Exercise goal: Show every line of the data below that includes the word "dots".

Extracted records:

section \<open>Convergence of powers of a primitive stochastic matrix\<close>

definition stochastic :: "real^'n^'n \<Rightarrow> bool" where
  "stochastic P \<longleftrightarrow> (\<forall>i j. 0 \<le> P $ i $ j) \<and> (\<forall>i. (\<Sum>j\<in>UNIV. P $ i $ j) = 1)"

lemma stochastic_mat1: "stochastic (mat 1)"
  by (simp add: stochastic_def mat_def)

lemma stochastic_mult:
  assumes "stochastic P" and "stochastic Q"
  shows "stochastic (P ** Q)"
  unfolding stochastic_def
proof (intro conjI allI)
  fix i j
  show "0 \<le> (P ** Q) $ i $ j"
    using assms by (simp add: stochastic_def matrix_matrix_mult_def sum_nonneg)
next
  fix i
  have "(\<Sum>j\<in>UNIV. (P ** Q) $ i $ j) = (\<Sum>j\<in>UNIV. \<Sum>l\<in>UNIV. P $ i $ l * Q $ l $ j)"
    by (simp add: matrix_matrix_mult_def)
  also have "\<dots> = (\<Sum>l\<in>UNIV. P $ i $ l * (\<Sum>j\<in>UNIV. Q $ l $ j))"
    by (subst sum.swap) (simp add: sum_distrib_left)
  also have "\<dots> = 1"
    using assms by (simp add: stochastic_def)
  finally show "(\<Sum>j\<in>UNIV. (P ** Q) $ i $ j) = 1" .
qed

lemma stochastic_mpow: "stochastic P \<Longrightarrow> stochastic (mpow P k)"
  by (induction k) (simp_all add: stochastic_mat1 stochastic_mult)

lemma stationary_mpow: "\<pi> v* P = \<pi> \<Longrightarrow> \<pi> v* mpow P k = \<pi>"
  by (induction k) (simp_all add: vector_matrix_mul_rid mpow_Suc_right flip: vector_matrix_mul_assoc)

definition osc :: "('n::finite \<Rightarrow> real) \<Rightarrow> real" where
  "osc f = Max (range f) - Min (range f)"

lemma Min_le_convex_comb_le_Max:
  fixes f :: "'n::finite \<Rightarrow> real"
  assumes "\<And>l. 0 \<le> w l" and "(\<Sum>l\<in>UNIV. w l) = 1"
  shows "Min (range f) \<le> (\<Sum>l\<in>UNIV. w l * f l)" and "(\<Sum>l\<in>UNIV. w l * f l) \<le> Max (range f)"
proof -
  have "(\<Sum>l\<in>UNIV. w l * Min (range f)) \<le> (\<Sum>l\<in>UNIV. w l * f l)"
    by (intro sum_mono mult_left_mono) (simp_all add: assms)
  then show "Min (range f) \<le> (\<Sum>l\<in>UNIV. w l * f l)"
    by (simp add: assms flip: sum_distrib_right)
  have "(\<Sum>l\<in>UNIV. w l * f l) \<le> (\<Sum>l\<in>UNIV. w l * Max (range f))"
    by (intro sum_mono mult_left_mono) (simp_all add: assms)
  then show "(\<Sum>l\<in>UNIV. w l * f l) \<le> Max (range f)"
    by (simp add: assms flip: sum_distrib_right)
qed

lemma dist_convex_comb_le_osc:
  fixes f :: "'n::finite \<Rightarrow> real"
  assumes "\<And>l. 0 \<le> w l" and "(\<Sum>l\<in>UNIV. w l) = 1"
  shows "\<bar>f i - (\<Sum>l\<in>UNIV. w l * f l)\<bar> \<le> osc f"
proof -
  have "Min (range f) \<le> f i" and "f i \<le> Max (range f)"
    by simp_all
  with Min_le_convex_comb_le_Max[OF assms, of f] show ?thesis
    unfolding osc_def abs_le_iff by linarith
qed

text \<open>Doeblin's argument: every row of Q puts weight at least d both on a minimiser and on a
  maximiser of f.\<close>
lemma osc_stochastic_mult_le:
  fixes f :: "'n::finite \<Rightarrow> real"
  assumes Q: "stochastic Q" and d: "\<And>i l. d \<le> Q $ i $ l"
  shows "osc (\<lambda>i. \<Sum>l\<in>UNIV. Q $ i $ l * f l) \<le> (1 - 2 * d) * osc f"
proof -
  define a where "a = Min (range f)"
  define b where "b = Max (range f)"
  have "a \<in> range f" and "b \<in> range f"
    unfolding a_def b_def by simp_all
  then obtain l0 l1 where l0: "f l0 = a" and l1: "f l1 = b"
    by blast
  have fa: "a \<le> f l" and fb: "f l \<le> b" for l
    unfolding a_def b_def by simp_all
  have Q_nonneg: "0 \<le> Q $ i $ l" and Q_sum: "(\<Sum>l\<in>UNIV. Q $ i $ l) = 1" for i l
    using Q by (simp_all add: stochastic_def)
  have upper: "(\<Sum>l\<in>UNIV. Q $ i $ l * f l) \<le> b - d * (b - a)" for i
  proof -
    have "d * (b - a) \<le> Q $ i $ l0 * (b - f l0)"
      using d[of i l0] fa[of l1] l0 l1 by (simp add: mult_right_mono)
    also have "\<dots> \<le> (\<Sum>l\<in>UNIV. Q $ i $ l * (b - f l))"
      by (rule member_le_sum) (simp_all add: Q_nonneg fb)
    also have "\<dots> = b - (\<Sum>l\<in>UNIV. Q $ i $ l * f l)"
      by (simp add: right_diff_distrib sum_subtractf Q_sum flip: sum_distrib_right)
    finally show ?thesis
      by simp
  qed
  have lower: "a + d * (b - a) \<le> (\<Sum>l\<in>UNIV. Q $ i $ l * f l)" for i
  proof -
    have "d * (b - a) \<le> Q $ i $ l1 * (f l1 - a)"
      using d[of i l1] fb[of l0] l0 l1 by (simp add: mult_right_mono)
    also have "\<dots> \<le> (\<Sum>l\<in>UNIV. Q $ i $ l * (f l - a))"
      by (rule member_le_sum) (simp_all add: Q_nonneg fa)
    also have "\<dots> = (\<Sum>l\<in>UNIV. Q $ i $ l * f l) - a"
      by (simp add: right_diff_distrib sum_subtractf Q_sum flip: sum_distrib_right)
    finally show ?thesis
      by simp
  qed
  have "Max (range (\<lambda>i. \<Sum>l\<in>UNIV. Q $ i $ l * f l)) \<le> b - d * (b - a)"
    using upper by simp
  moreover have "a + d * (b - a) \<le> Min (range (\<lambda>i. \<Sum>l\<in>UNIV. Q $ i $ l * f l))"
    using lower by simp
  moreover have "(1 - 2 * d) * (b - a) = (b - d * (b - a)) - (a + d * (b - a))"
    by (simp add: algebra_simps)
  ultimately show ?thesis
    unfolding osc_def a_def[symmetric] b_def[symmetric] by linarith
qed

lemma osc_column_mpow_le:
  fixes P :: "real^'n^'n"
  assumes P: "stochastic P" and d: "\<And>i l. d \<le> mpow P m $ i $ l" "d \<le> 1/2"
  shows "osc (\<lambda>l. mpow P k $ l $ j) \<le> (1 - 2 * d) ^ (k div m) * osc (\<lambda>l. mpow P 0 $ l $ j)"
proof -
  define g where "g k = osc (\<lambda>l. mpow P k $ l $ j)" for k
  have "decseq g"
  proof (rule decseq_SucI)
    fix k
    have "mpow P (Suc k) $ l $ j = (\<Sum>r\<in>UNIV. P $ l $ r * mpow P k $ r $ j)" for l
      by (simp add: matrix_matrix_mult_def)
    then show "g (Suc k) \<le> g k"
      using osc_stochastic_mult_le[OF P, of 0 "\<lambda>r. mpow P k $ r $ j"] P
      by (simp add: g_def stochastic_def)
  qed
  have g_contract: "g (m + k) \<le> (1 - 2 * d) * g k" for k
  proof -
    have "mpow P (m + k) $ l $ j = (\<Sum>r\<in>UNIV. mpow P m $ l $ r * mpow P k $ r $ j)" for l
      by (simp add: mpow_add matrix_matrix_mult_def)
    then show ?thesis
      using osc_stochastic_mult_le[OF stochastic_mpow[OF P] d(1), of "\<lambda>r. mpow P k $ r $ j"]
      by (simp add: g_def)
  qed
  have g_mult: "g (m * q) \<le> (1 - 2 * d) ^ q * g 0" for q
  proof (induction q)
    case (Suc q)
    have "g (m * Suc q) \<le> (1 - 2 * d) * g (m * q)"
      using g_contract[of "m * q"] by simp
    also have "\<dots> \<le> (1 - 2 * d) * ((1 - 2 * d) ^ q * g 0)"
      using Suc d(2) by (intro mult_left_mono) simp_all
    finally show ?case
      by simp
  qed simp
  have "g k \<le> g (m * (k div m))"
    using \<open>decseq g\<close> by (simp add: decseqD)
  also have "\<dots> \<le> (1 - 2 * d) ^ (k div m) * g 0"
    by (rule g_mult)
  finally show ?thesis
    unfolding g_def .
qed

Answer box:
  also have "\<dots> = (\<Sum>l\<in>UNIV. P $ i $ l * (\<Sum>j\<in>UNIV. Q $ l $ j))"
  also have "\<dots> = 1"
    also have "\<dots> \<le> (\<Sum>l\<in>UNIV. Q $ i $ l * (b - f l))"
    also have "\<dots> = b - (\<Sum>l\<in>UNIV. Q $ i $ l * f l)"
    also have "\<dots> \<le> (\<Sum>l\<in>UNIV. Q $ i $ l * (f l - a))"
    also have "\<dots> = (\<Sum>l\<in>UNIV. Q $ i $ l * f l) - a"
    also have "\<dots> \<le> (1 - 2 * d) * ((1 - 2 * d) ^ q * g 0)"
  also have "\<dots> \<le> (1 - 2 * d) ^ (k div m) * g 0"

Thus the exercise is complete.